### EXERCISE DESCRIPTION
Write each entry down again precisely, skipping nothing.

### SOURCE DATA
lemma normal_form_round_trip:
  assumes A: "reduced_valuation_monoid H1 G1 f1" and B: "reduced_valuation_monoid H2 G2 f2"
    and \<phi>: "\<phi> \<in> hom G1 G2" and \<psi>: "\<psi> \<in> hom G2 G1"
    and inverse: "\<And>x. x \<in> carrier G1 \<Longrightarrow> \<psi> (\<phi> x) = x"
    and X: "X \<in> carrier (Pfin1 H1)"
  shows "reduced_valuation_monoid.normal_form H1 G1 f1
      ((\<psi> \<circ> f2) ` reduced_valuation_monoid.normal_form H2 G2 f2 ((\<phi> \<circ> f1) ` X)) = X"
proof -
  interpret A: reduced_valuation_monoid H1 G1 f1 by (rule A)
  interpret B: reduced_valuation_monoid H2 G2 f2 by (rule B)
  have f1X: "f1 ` X \<in> nonempty_finite_subsets G1"
    using X Pfin1_subset_nonempty_finite_subsets image_nonempty_finite_subsets[OF A.f_hom] by blast
  then have "\<phi> ` f1 ` X \<in> nonempty_finite_subsets G2"
    by (rule image_nonempty_finite_subsets[OF \<phi>])
  then obtain g where g: "g \<in> carrier G2"
    and eq: "f2 ` B.normal_form (\<phi> ` f1 ` X) = g <#\<^bsub>G2\<^esub> \<phi> ` f1 ` X"
    using B.normal_form(2) by blast
  have sub: "f1 ` X \<subseteq> carrier G1" "\<phi> ` f1 ` X \<subseteq> carrier G2"
    using f1X image_nonempty_finite_subsets[OF \<phi> f1X] by (simp_all add: nonempty_finite_subsets_def)
  have "\<psi> ` f2 ` B.normal_form (\<phi> ` f1 ` X) = \<psi> g <#\<^bsub>G1\<^esub> \<psi> ` \<phi> ` f1 ` X"
    unfolding eq by (rule l_coset_hom[OF \<psi> sub(2) g])
  also have "\<psi> ` \<phi> ` f1 ` X = (\<lambda>x. x) ` f1 ` X"
    unfolding image_image by (rule image_cong) (use sub(1) inverse in auto)
  also have "\<dots> = f1 ` X"
    by simp
  finally have "(\<psi> \<circ> f2) ` B.normal_form ((\<phi> \<circ> f1) ` X) = \<psi> g <#\<^bsub>G1\<^esub> f1 ` X"
    unfolding image_comp[symmetric] .
  moreover have "\<psi> g \<in> carrier G1"
    using \<psi> g by (auto simp: hom_def)
  ultimately show ?thesis
    using A.normal_form_l_coset[OF f1X] A.normal_form_image[OF X] by simp
qed

lemma Pfin1_iso_if_quotient_groups_iso:
  assumes A: "reduced_valuation_monoid H1 G1 f1" and B: "reduced_valuation_monoid H2 G2 f2"
    and \<phi>: "\<phi> \<in> iso G1 G2"
  shows "Pfin1 H1 \<cong> Pfin1 H2"
proof -
  interpret A: reduced_valuation_monoid H1 G1 f1 by (rule A)
  interpret B: reduced_valuation_monoid H2 G2 f2 by (rule B)
  define \<psi> where "\<psi> = inv_into (carrier G1) \<phi>"
  have \<psi>: "\<psi> \<in> iso G2 G1"
    unfolding \<psi>_def by (rule A.G.iso_set_sym[OF \<phi>])
  have bij: "bij_betw \<phi> (carrier G1) (carrier G2)"
    using \<phi> by (simp add: iso_def)
  have \<psi>\<phi>: "\<psi> (\<phi> x) = x" if "x \<in> carrier G1" for x
    using bij that by (simp add: \<psi>_def bij_betw_def)
  have \<phi>\<psi>: "\<phi> (\<psi> y) = y" if "y \<in> carrier G2" for y
    using bij that by (simp add: \<psi>_def bij_betw_def f_inv_into_f)
  have hom: "\<phi> \<in> hom G1 G2" "\<psi> \<in> hom G2 G1"
    using \<phi> \<psi> by (simp_all add: iso_def)
  let ?\<Psi> = "\<lambda>X. B.normal_form ((\<phi> \<circ> f1) ` X)"
  let ?\<Psi>' = "\<lambda>Z. A.normal_form ((\<psi> \<circ> f2) ` Z)"
  have \<Psi>: "?\<Psi> \<in> hom (Pfin1 H1) (Pfin1 H2)"
    using B.normal_form_image_hom A.H.monoid_axioms hom_compose[OF A.f_hom hom(1)] by blast
  have \<Psi>': "?\<Psi>' \<in> hom (Pfin1 H2) (Pfin1 H1)"
    using A.normal_form_image_hom B.H.monoid_axioms hom_compose[OF B.f_hom hom(2)] by blast
  have "bij_betw ?\<Psi> (carrier (Pfin1 H1)) (carrier (Pfin1 H2))"
  proof (rule bij_betw_byWitness[where f' = ?\<Psi>'])
    show "\<forall>X\<in>carrier (Pfin1 H1). ?\<Psi>' (?\<Psi> X) = X"
      using normal_form_round_trip[OF A B hom \<psi>\<phi>] by blast
    show "\<forall>Z\<in>carrier (Pfin1 H2). ?\<Psi> (?\<Psi>' Z) = Z"
      using normal_form_round_trip[OF B A hom(2,1) \<phi>\<psi>] by blast
  qed (use \<Psi> \<Psi>' in \<open>auto simp: hom_def\<close>)
  then show ?thesis
    using \<Psi> by (intro is_isoI isoI)
qed

theorem theorem2:
  fixes H1 :: "('a, 'm) monoid_scheme" and H2 :: "('b, 'n) monoid_scheme"
    and G1 :: "('c, 'o) monoid_scheme" and G2 :: "('d, 'p) monoid_scheme"
    and f1 :: "'a \<Rightarrow> 'c" and f2 :: "'b \<Rightarrow> 'd"
  assumes "comm_monoid H1" and "cancellative_monoid H1"
    and "comm_monoid H2" and "cancellative_monoid H2"
    and "is_quotient_group H1 G1 f1" and "is_quotient_group H2 G2 f2"
    and "valuation_wrt H1 G1 f1" and "valuation_wrt H2 G2 f2"
    and "reduced_monoid H1" and "reduced_monoid H2"
    and "G1 \<cong> G2"
  shows "Pfin1 H1 \<cong> Pfin1 H2"
proof -
  have "reduced_valuation_monoid H1 G1 f1" "reduced_valuation_monoid H2 G2 f2"
    using assms(1,3,5-10)
    by (auto simp: reduced_valuation_monoid_def reduced_valuation_monoid_axioms_def
        comm_monoid_def is_quotient_group_def)
  moreover obtain \<phi> where "\<phi> \<in> iso G1 G2"
    using assms(11) by (auto simp: is_iso_def)
  ultimately show ?thesis
    by (intro Pfin1_iso_if_quotient_groups_iso)
qed

end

### RESULT OF THE EXERCISE
lemma normal_form_round_trip:
  assumes A: "reduced_valuation_monoid H1 G1 f1" and B: "reduced_valuation_monoid H2 G2 f2"
    and \<phi>: "\<phi> \<in> hom G1 G2" and \<psi>: "\<psi> \<in> hom G2 G1"
    and inverse: "\<And>x. x \<in> carrier G1 \<Longrightarrow> \<psi> (\<phi> x) = x"
    and X: "X \<in> carrier (Pfin1 H1)"
  shows "reduced_valuation_monoid.normal_form H1 G1 f1
      ((\<psi> \<circ> f2) ` reduced_valuation_monoid.normal_form H2 G2 f2 ((\<phi> \<circ> f1) ` X)) = X"
proof -
  interpret A: reduced_valuation_monoid H1 G1 f1 by (rule A)
  interpret B: reduced_valuation_monoid H2 G2 f2 by (rule B)
  have f1X: "f1 ` X \<in> nonempty_finite_subsets G1"
    using X Pfin1_subset_nonempty_finite_subsets image_nonempty_finite_subsets[OF A.f_hom] by blast
  then have "\<phi> ` f1 ` X \<in> nonempty_finite_subsets G2"
    by (rule image_nonempty_finite_subsets[OF \<phi>])
  then obtain g where g: "g \<in> carrier G2"
    and eq: "f2 ` B.normal_form (\<phi> ` f1 ` X) = g <#\<^bsub>G2\<^esub> \<phi> ` f1 ` X"
    using B.normal_form(2) by blast
  have sub: "f1 ` X \<subseteq> carrier G1" "\<phi> ` f1 ` X \<subseteq> carrier G2"
    using f1X image_nonempty_finite_subsets[OF \<phi> f1X] by (simp_all add: nonempty_finite_subsets_def)
  have "\<psi> ` f2 ` B.normal_form (\<phi> ` f1 ` X) = \<psi> g <#\<^bsub>G1\<^esub> \<psi> ` \<phi> ` f1 ` X"
    unfolding eq by (rule l_coset_hom[OF \<psi> sub(2) g])
  also have "\<psi> ` \<phi> ` f1 ` X = (\<lambda>x. x) ` f1 ` X"
    unfolding image_image by (rule image_cong) (use sub(1) inverse in auto)
  also have "\<dots> = f1 ` X"
    by simp
  finally have "(\<psi> \<circ> f2) ` B.normal_form ((\<phi> \<circ> f1) ` X) = \<psi> g <#\<^bsub>G1\<^esub> f1 ` X"
    unfolding image_comp[symmetric] .
  moreover have "\<psi> g \<in> carrier G1"
    using \<psi> g by (auto simp: hom_def)
  ultimately show ?thesis
    using A.normal_form_l_coset[OF f1X] A.normal_form_image[OF X] by simp
qed

lemma Pfin1_iso_if_quotient_groups_iso:
  assumes A: "reduced_valuation_monoid H1 G1 f1" and B: "reduced_valuation_monoid H2 G2 f2"
    and \<phi>: "\<phi> \<in> iso G1 G2"
  shows "Pfin1 H1 \<cong> Pfin1 H2"
proof -
  interpret A: reduced_valuation_monoid H1 G1 f1 by (rule A)
  interpret B: reduced_valuation_monoid H2 G2 f2 by (rule B)
  define \<psi> where "\<psi> = inv_into (carrier G1) \<phi>"
  have \<psi>: "\<psi> \<in> iso G2 G1"
    unfolding \<psi>_def by (rule A.G.iso_set_sym[OF \<phi>])
  have bij: "bij_betw \<phi> (carrier G1) (carrier G2)"
    using \<phi> by (simp add: iso_def)
  have \<psi>\<phi>: "\<psi> (\<phi> x) = x" if "x \<in> carrier G1" for x
    using bij that by (simp add: \<psi>_def bij_betw_def)
  have \<phi>\<psi>: "\<phi> (\<psi> y) = y" if "y \<in> carrier G2" for y
    using bij that by (simp add: \<psi>_def bij_betw_def f_inv_into_f)
  have hom: "\<phi> \<in> hom G1 G2" "\<psi> \<in> hom G2 G1"
    using \<phi> \<psi> by (simp_all add: iso_def)
  let ?\<Psi> = "\<lambda>X. B.normal_form ((\<phi> \<circ> f1) ` X)"
  let ?\<Psi>' = "\<lambda>Z. A.normal_form ((\<psi> \<circ> f2) ` Z)"
  have \<Psi>: "?\<Psi> \<in> hom (Pfin1 H1) (Pfin1 H2)"
    using B.normal_form_image_hom A.H.monoid_axioms hom_compose[OF A.f_hom hom(1)] by blast
  have \<Psi>': "?\<Psi>' \<in> hom (Pfin1 H2) (Pfin1 H1)"
    using A.normal_form_image_hom B.H.monoid_axioms hom_compose[OF B.f_hom hom(2)] by blast
  have "bij_betw ?\<Psi> (carrier (Pfin1 H1)) (carrier (Pfin1 H2))"
  proof (rule bij_betw_byWitness[where f' = ?\<Psi>'])
    show "\<forall>X\<in>carrier (Pfin1 H1). ?\<Psi>' (?\<Psi> X) = X"
      using normal_form_round_trip[OF A B hom \<psi>\<phi>] by blast
    show "\<forall>Z\<in>carrier (Pfin1 H2). ?\<Psi> (?\<Psi>' Z) = Z"
      using normal_form_round_trip[OF B A hom(2,1) \<phi>\<psi>] by blast
  qed (use \<Psi> \<Psi>' in \<open>auto simp: hom_def\<close>)
  then show ?thesis
    using \<Psi> by (intro is_isoI isoI)
qed

theorem theorem2:
  fixes H1 :: "('a, 'm) monoid_scheme" and H2 :: "('b, 'n) monoid_scheme"
    and G1 :: "('c, 'o) monoid_scheme" and G2 :: "('d, 'p) monoid_scheme"
    and f1 :: "'a \<Rightarrow> 'c" and f2 :: "'b \<Rightarrow> 'd"
  assumes "comm_monoid H1" and "cancellative_monoid H1"
    and "comm_monoid H2" and "cancellative_monoid H2"
    and "is_quotient_group H1 G1 f1" and "is_quotient_group H2 G2 f2"
    and "valuation_wrt H1 G1 f1" and "valuation_wrt H2 G2 f2"
    and "reduced_monoid H1" and "reduced_monoid H2"
    and "G1 \<cong> G2"
  shows "Pfin1 H1 \<cong> Pfin1 H2"
proof -
  have "reduced_valuation_monoid H1 G1 f1" "reduced_valuation_monoid H2 G2 f2"
    using assms(1,3,5-10)
    by (auto simp: reduced_valuation_monoid_def reduced_valuation_monoid_axioms_def
        comm_monoid_def is_quotient_group_def)
  moreover obtain \<phi> where "\<phi> \<in> iso G1 G2"
    using assms(11) by (auto simp: is_iso_def)
  ultimately show ?thesis
    by (intro Pfin1_iso_if_quotient_groups_iso)
qed

end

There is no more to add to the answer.